Stored data
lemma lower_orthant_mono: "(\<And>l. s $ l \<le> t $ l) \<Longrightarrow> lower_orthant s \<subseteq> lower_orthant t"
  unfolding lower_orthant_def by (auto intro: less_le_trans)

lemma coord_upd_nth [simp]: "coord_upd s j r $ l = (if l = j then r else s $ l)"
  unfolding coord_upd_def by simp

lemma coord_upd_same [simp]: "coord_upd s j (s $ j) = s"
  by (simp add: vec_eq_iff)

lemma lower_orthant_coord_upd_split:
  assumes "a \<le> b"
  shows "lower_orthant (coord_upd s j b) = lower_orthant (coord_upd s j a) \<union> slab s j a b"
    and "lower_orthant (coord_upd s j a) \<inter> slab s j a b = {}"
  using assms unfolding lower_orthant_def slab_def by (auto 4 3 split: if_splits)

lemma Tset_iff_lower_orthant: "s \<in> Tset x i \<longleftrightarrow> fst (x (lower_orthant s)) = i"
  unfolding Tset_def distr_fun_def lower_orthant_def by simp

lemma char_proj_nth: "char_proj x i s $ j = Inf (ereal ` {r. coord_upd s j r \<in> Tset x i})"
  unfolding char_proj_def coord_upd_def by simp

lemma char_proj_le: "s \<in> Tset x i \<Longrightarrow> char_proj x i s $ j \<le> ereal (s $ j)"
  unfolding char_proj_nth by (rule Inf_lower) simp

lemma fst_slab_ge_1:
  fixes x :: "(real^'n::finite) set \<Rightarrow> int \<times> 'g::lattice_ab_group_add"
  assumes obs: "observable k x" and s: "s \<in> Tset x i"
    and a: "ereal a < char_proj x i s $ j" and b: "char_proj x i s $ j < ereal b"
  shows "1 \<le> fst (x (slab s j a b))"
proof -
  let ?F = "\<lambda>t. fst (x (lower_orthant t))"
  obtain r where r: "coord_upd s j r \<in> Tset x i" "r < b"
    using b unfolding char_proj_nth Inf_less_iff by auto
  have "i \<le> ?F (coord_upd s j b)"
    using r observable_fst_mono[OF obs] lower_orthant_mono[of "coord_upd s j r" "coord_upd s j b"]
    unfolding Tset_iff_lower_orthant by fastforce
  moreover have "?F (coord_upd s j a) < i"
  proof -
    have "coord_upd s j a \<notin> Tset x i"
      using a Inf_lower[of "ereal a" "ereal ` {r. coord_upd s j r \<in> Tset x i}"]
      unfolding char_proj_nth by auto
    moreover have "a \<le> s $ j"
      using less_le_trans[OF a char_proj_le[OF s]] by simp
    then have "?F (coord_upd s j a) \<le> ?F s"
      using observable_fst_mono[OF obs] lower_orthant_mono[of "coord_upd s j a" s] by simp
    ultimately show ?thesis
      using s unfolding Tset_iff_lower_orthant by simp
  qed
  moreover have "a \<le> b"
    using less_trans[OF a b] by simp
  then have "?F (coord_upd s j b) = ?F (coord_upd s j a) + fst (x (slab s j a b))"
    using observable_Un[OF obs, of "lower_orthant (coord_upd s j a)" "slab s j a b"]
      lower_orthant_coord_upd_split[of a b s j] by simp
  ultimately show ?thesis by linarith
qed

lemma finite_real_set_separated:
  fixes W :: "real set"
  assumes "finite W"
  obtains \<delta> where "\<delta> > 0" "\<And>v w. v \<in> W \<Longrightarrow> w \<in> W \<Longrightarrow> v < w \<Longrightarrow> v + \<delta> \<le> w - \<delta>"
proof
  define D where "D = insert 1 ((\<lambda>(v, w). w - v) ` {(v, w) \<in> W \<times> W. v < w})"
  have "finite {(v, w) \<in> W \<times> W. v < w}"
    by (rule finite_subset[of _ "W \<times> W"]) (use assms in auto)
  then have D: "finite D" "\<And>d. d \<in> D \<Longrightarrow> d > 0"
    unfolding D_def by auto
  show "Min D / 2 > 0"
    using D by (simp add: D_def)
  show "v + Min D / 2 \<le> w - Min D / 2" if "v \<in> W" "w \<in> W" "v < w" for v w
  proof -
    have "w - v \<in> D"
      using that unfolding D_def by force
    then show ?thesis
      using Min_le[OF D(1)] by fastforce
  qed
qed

▸ **REQUIRED ACTION**
Working from the entries above, return all lines that contain "ereal".

▸ **EXERCISE OUTPUT**
lemma char_proj_nth: "char_proj x i s $ j = Inf (ereal ` {r. coord_upd s j r \<in> Tset x i})"
lemma char_proj_le: "s \<in> Tset x i \<Longrightarrow> char_proj x i s $ j \<le> ereal (s $ j)"
    and a: "ereal a < char_proj x i s $ j" and b: "char_proj x i s $ j < ereal b"
      using a Inf_lower[of "ereal a" "ereal ` {r. coord_upd s j r \<in> Tset x i}"]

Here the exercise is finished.